Return all records exactly. Nothing may be added.

(DATASET ENTRIES begins)

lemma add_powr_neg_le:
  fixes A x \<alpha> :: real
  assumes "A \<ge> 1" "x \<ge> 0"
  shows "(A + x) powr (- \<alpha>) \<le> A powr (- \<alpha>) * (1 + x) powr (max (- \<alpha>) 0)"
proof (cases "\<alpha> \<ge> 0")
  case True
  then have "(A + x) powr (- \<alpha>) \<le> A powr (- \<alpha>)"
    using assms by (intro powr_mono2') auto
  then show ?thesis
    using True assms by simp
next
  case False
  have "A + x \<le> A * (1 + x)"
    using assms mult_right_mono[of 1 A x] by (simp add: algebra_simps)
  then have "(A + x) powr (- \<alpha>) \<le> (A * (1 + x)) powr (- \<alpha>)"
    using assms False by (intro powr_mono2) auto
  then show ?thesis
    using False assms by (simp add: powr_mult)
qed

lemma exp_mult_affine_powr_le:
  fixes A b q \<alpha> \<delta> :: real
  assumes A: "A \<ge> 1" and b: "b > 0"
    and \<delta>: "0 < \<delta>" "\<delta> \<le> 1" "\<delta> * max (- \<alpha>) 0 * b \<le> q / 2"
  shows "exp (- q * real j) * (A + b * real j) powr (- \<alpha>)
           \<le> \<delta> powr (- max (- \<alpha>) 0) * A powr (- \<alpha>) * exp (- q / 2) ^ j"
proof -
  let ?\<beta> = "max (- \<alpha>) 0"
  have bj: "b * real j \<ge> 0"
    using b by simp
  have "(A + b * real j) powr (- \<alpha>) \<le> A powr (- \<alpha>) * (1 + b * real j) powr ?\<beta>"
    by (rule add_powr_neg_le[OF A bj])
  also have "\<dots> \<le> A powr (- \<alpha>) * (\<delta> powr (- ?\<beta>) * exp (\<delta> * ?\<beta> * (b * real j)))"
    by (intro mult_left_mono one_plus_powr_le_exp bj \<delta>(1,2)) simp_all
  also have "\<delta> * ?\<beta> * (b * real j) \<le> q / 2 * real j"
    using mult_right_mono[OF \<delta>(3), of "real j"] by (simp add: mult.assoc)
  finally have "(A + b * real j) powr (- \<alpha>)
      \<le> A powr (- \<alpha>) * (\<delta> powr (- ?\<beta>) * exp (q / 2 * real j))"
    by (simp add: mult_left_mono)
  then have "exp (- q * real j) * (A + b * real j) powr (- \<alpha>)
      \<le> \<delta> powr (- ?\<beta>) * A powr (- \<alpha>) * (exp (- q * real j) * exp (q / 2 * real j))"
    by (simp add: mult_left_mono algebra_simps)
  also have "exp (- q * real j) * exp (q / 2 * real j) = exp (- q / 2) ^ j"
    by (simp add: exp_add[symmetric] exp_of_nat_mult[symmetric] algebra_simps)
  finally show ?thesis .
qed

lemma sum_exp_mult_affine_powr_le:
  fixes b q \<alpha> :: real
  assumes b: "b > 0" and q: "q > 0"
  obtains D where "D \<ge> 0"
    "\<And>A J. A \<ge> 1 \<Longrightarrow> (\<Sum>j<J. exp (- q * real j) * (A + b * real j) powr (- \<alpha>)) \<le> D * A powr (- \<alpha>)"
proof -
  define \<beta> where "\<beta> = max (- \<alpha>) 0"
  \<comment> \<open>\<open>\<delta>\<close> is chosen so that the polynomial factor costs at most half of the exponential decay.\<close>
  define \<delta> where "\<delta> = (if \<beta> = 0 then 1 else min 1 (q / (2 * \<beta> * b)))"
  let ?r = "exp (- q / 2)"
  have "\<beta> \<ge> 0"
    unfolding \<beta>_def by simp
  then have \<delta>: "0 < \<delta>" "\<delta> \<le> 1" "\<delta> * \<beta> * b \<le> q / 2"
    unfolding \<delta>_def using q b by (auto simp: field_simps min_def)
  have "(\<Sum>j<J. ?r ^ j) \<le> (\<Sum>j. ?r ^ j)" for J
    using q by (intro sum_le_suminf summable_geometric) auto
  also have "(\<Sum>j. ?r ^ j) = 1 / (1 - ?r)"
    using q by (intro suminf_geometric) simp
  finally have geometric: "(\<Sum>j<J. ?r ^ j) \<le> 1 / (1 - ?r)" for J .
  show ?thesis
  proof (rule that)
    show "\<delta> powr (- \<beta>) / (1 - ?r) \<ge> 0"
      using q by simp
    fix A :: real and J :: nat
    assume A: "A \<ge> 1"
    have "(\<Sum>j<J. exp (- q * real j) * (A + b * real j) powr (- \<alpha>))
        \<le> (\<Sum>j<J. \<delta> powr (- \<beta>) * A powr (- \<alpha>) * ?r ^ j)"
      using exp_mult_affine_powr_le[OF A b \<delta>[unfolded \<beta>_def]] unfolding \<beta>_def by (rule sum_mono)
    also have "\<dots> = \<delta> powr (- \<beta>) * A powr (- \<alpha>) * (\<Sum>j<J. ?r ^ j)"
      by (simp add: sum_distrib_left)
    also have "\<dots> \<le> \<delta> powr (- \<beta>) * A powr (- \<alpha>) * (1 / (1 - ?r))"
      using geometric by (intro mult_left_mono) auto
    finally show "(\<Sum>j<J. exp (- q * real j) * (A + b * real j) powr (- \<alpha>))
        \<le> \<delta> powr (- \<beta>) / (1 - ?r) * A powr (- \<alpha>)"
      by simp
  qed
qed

(DATASET ENTRIES ends)

SOLVED PROBLEM:
lemma add_powr_neg_le:
  fixes A x \<alpha> :: real
  assumes "A \<ge> 1" "x \<ge> 0"
  shows "(A + x) powr (- \<alpha>) \<le> A powr (- \<alpha>) * (1 + x) powr (max (- \<alpha>) 0)"
proof (cases "\<alpha> \<ge> 0")
  case True
  then have "(A + x) powr (- \<alpha>) \<le> A powr (- \<alpha>)"
    using assms by (intro powr_mono2') auto
  then show ?thesis
    using True assms by simp
next
  case False
  have "A + x \<le> A * (1 + x)"
    using assms mult_right_mono[of 1 A x] by (simp add: algebra_simps)
  then have "(A + x) powr (- \<alpha>) \<le> (A * (1 + x)) powr (- \<alpha>)"
    using assms False by (intro powr_mono2) auto
  then show ?thesis
    using False assms by (simp add: powr_mult)
qed

lemma exp_mult_affine_powr_le:
  fixes A b q \<alpha> \<delta> :: real
  assumes A: "A \<ge> 1" and b: "b > 0"
    and \<delta>: "0 < \<delta>" "\<delta> \<le> 1" "\<delta> * max (- \<alpha>) 0 * b \<le> q / 2"
  shows "exp (- q * real j) * (A + b * real j) powr (- \<alpha>)
           \<le> \<delta> powr (- max (- \<alpha>) 0) * A powr (- \<alpha>) * exp (- q / 2) ^ j"
proof -
  let ?\<beta> = "max (- \<alpha>) 0"
  have bj: "b * real j \<ge> 0"
    using b by simp
  have "(A + b * real j) powr (- \<alpha>) \<le> A powr (- \<alpha>) * (1 + b * real j) powr ?\<beta>"
    by (rule add_powr_neg_le[OF A bj])
  also have "\<dots> \<le> A powr (- \<alpha>) * (\<delta> powr (- ?\<beta>) * exp (\<delta> * ?\<beta> * (b * real j)))"
    by (intro mult_left_mono one_plus_powr_le_exp bj \<delta>(1,2)) simp_all
  also have "\<delta> * ?\<beta> * (b * real j) \<le> q / 2 * real j"
    using mult_right_mono[OF \<delta>(3), of "real j"] by (simp add: mult.assoc)
  finally have "(A + b * real j) powr (- \<alpha>)
      \<le> A powr (- \<alpha>) * (\<delta> powr (- ?\<beta>) * exp (q / 2 * real j))"
    by (simp add: mult_left_mono)
  then have "exp (- q * real j) * (A + b * real j) powr (- \<alpha>)
      \<le> \<delta> powr (- ?\<beta>) * A powr (- \<alpha>) * (exp (- q * real j) * exp (q / 2 * real j))"
    by (simp add: mult_left_mono algebra_simps)
  also have "exp (- q * real j) * exp (q / 2 * real j) = exp (- q / 2) ^ j"
    by (simp add: exp_add[symmetric] exp_of_nat_mult[symmetric] algebra_simps)
  finally show ?thesis .
qed

lemma sum_exp_mult_affine_powr_le:
  fixes b q \<alpha> :: real
  assumes b: "b > 0" and q: "q > 0"
  obtains D where "D \<ge> 0"
    "\<And>A J. A \<ge> 1 \<Longrightarrow> (\<Sum>j<J. exp (- q * real j) * (A + b * real j) powr (- \<alpha>)) \<le> D * A powr (- \<alpha>)"
proof -
  define \<beta> where "\<beta> = max (- \<alpha>) 0"
  \<comment> \<open>\<open>\<delta>\<close> is chosen so that the polynomial factor costs at most half of the exponential decay.\<close>
  define \<delta> where "\<delta> = (if \<beta> = 0 then 1 else min 1 (q / (2 * \<beta> * b)))"
  let ?r = "exp (- q / 2)"
  have "\<beta> \<ge> 0"
    unfolding \<beta>_def by simp
  then have \<delta>: "0 < \<delta>" "\<delta> \<le> 1" "\<delta> * \<beta> * b \<le> q / 2"
    unfolding \<delta>_def using q b by (auto simp: field_simps min_def)
  have "(\<Sum>j<J. ?r ^ j) \<le> (\<Sum>j. ?r ^ j)" for J
    using q by (intro sum_le_suminf summable_geometric) auto
  also have "(\<Sum>j. ?r ^ j) = 1 / (1 - ?r)"
    using q by (intro suminf_geometric) simp
  finally have geometric: "(\<Sum>j<J. ?r ^ j) \<le> 1 / (1 - ?r)" for J .
  show ?thesis
  proof (rule that)
    show "\<delta> powr (- \<beta>) / (1 - ?r) \<ge> 0"
      using q by simp
    fix A :: real and J :: nat
    assume A: "A \<ge> 1"
    have "(\<Sum>j<J. exp (- q * real j) * (A + b * real j) powr (- \<alpha>))
        \<le> (\<Sum>j<J. \<delta> powr (- \<beta>) * A powr (- \<alpha>) * ?r ^ j)"
      using exp_mult_affine_powr_le[OF A b \<delta>[unfolded \<beta>_def]] unfolding \<beta>_def by (rule sum_mono)
    also have "\<dots> = \<delta> powr (- \<beta>) * A powr (- \<alpha>) * (\<Sum>j<J. ?r ^ j)"
      by (simp add: sum_distrib_left)
    also have "\<dots> \<le> \<delta> powr (- \<beta>) * A powr (- \<alpha>) * (1 / (1 - ?r))"
      using geometric by (intro mult_left_mono) auto
    finally show "(\<Sum>j<J. exp (- q * real j) * (A + b * real j) powr (- \<alpha>))
        \<le> \<delta> powr (- \<beta>) / (1 - ?r) * A powr (- \<alpha>)"
      by simp
  qed
qed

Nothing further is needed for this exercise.